◆ Assigned task:
Where does the string "else" occur in the records? Copy each line that holds it.

Dataset items
========================================

lemma psd_sum_of_rank_one:
  assumes "finite J" "psd J M"
  shows "\<exists>(k::nat) V. \<forall>a\<in>J. \<forall>b\<in>J. M a b = (\<Sum>i<k. V i a * V i b)"
  using assms
proof (induction J arbitrary: M rule: finite_induct)
  case empty
  show ?case by simp
next
  case (insert j J)
  have fin: "finite (insert j J)" using insert.hyps by simp
  have row_sym: "\<And>b. b \<in> insert j J \<Longrightarrow> M b j = M j b"
    using insert.prems unfolding psd_def by blast
  have "0 \<le> M j j" by (rule psd_diag_nonneg[OF fin insert.prems]) simp
  define w where "w a = (if M j j = 0 then 0 else M j a / sqrt (M j j))" for a
  have w_w: "w a * w b = M j a * M j b / M j j" for a b
    using \<open>0 \<le> M j j\<close> unfolding w_def by (simp add: field_simps)
  have row: "M j b = w j * w b" if "b \<in> insert j J" for b
    using psd_zero_diag_row[OF fin insert.prems _ _ that] by (cases "M j j = 0") (simp_all add: w_w)
  have "psd J (\<lambda>a b. M a b - w a * w b)"
  proof (cases "M j j = 0")
    case True
    then show ?thesis using psd_subset[OF fin _ insert.prems] unfolding w_def by auto
  next
    case False
    then show ?thesis using psd_schur_complement[OF insert.hyps insert.prems] \<open>0 \<le> M j j\<close>
      unfolding w_w by simp
  qed
  then obtain k :: nat and V where V: "\<forall>a\<in>J. \<forall>b\<in>J. M a b - w a * w b = (\<Sum>i<k. V i a * V i b)"
    using insert.IH by blast
  define V' where "V' i = (if i < k then (V i)(j := 0) else w)" for i
  have "M a b = (\<Sum>i<Suc k. V' i a * V' i b)" if a: "a \<in> insert j J" and b: "b \<in> insert j J" for a b
  proof -
    have "M a b = (\<Sum>i<k. V' i a * V' i b) + w a * w b"
    proof (cases "a = j \<or> b = j")
      case True
      then show ?thesis using row[OF a] row[OF b] row_sym[OF a] unfolding V'_def
        by (auto simp: mult.commute)
    next
      case False
      with V a b show ?thesis unfolding V'_def by (simp add: algebra_simps)
    qed
    thus ?thesis by (simp add: V'_def)
  qed
  thus ?case by blast
qed

lemma tr_inner_psd_nonneg:
  assumes "finite J" "psd J L" "psd J M"
  shows "0 \<le> tr_inner J L M"
proof -
  obtain k :: nat and V where V: "\<forall>a\<in>J. \<forall>b\<in>J. M a b = (\<Sum>i<k. V i a * V i b)"
    using psd_sum_of_rank_one[OF assms(1,3)] by blast
  have "tr_inner J L M = (\<Sum>a\<in>J. \<Sum>b\<in>J. L a b * (\<Sum>i<k. V i b * V i a))"
    unfolding tr_inner_def using V by (intro sum.cong refl) auto
  also have "\<dots> = (\<Sum>i<k. quad_form J L (V i))"
    unfolding quad_form_def by (simp add: sum_distrib_left algebra_simps sum.swap[of _ "{..<k}"])
  also have "\<dots> \<ge> 0" using assms(2) unfolding psd_iff_quad_form by (simp add: sum_nonneg)
  finally show ?thesis .
qed

section \<open>Multi-indices and polynomials\<close>

definition var_idx :: "nat \<Rightarrow> mindex" where
  "var_idx i = (\<lambda>j. if j = i then 1 else 0)"

definition sq_var_idx :: "nat \<Rightarrow> mindex" where
  "sq_var_idx i = (\<lambda>j. if j = i then 2 else 0)"

lemma add_idx_comm: "add_idx a b = add_idx b a"
  unfolding add_idx_def by (simp add: add.commute)

lemma add_idx_zero [simp]: "add_idx a zero_idx = a" "add_idx zero_idx a = a"
  unfolding add_idx_def zero_idx_def by auto

lemma add_idx_var_idx_sq:
  "add_idx (add_idx c (var_idx j)) (add_idx c (var_idx j)) = add_idx (add_idx c c) (sq_var_idx j)"
  unfolding add_idx_def var_idx_def sq_var_idx_def by auto

lemma sq_var_idx_ne_zero: "sq_var_idx j \<noteq> zero_idx"
proof
  assume "sq_var_idx j = zero_idx"
  hence "sq_var_idx j j = zero_idx j" by simp
  thus False by (simp add: sq_var_idx_def zero_idx_def)
qed

lemma inj_sq_var_idx: "inj sq_var_idx"
proof (rule injI)
  fix i j assume "sq_var_idx i = sq_var_idx j"
  hence "sq_var_idx i i = sq_var_idx j i" by simp
  thus "i = j" by (simp add: sq_var_idx_def split: if_splits)
qed

lemma mdeg_add_idx: "mdeg n (add_idx a b) = mdeg n a + mdeg n b"
  unfolding mdeg_def add_idx_def by (simp add: sum.distrib)

lemma mdeg_var_idx: "j < n \<Longrightarrow> mdeg n (var_idx j) = 1"
  unfolding mdeg_def var_idx_def by simp

lemma mdeg_sq_var_idx: "j < n \<Longrightarrow> mdeg n (sq_var_idx j) = 2"
  unfolding mdeg_def sq_var_idx_def by simp

lemma mdeg_zero_idx [simp]: "mdeg n zero_idx = 0"
  unfolding mdeg_def zero_idx_def by simp

lemma mdeg_ge_component: "i < n \<Longrightarrow> a i \<le> mdeg n a"
  unfolding mdeg_def by (intro member_le_sum) auto

lemma zero_idx_in_mons_upto [simp]: "zero_idx \<in> mons_upto n k"
  unfolding mons_upto_def mdeg_def zero_idx_def by simp

lemma mons_upto_mono: "k \<le> k' \<Longrightarrow> mons_upto n k \<subseteq> mons_upto n k'"
  unfolding mons_upto_def by auto

lemma add_idx_in_mons_upto:
  "a \<in> mons_upto n k \<Longrightarrow> b \<in> mons_upto n k' \<Longrightarrow> add_idx a b \<in> mons_upto n (k + k')"
  using mdeg_add_idx[of n a b] unfolding mons_upto_def add_idx_def by auto

lemma var_idx_in_mons_upto: "j < n \<Longrightarrow> var_idx j \<in> mons_upto n 1"
  using mdeg_var_idx[of j n] unfolding mons_upto_def var_idx_def by auto

lemma mons_upto_0:
  assumes "a \<in> mons_upto n 0"
  shows "a = zero_idx"
proof
  fix j
  show "a j = zero_idx j"
    using assms mdeg_ge_component[of j n a] unfolding mons_upto_def zero_idx_def
    by (cases "j < n") auto
qed

lemma finite_mons_upto: "finite (mons_upto n k)"
proof (rule finite_subset)
  show "mons_upto n k \<subseteq> {a. \<forall>x. (x \<in> {..<n} \<longrightarrow> a x \<in> {..k}) \<and> (x \<notin> {..<n} \<longrightarrow> a x = 0)}"
  proof
    fix a assume a: "a \<in> mons_upto n k"
    have "a x \<le> k" if "x < n" for x
      using mdeg_ge_component[OF that, of a] a unfolding mons_upto_def by simp
    thus "a \<in> {a. \<forall>x. (x \<in> {..<n} \<longrightarrow> a x \<in> {..k}) \<and> (x \<notin> {..<n} \<longrightarrow> a x = 0)}"
      using a unfolding mons_upto_def by auto
  qed
  show "finite {a. \<forall>x. (x \<in> {..<n} \<longrightarrow> a x \<in> {..k}) \<and> (x \<notin> {..<n} \<longrightarrow> a x = 0)}"
    by (rule finite_set_of_finite_funs) auto
qed

lemma mons_upto_Suc_split:
  assumes "c \<in> mons_upto n (Suc k)" "0 < mdeg n c"
  obtains i c' where "i < n" "c = add_idx c' (var_idx i)" "c' \<in> mons_upto n k" "mdeg n c' = mdeg n c - 1"
proof -
  have "\<exists>i<n. 0 < c i"
  proof (rule ccontr)
    assume "\<not> (\<exists>i<n. 0 < c i)"
    hence "mdeg n c = 0" unfolding mdeg_def by simp
    thus False using assms(2) by simp
  qed
  then obtain i where i: "i < n" "0 < c i" by blast
  define c' where "c' = c(i := c i - 1)"
  have c: "c = add_idx c' (var_idx i)" unfolding c'_def add_idx_def var_idx_def using i by auto
  have "mdeg n c' = mdeg n c - 1"
    using c mdeg_add_idx[of n c' "var_idx i"] mdeg_var_idx[OF i(1)] by simp
  moreover have "\<forall>j\<ge>n. c' j = 0" using assms(1) i unfolding c'_def mons_upto_def by auto
  ultimately show ?thesis using that[OF i(1) c] assms(1) unfolding mons_upto_def by auto
qed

========================================

◆ Reply:
  define w where "w a = (if M j j = 0 then 0 else M j a / sqrt (M j j))" for a
  define V' where "V' i = (if i < k then (V i)(j := 0) else w)" for i
  "var_idx i = (\<lambda>j. if j = i then 1 else 0)"
  "sq_var_idx i = (\<lambda>j. if j = i then 2 else 0)"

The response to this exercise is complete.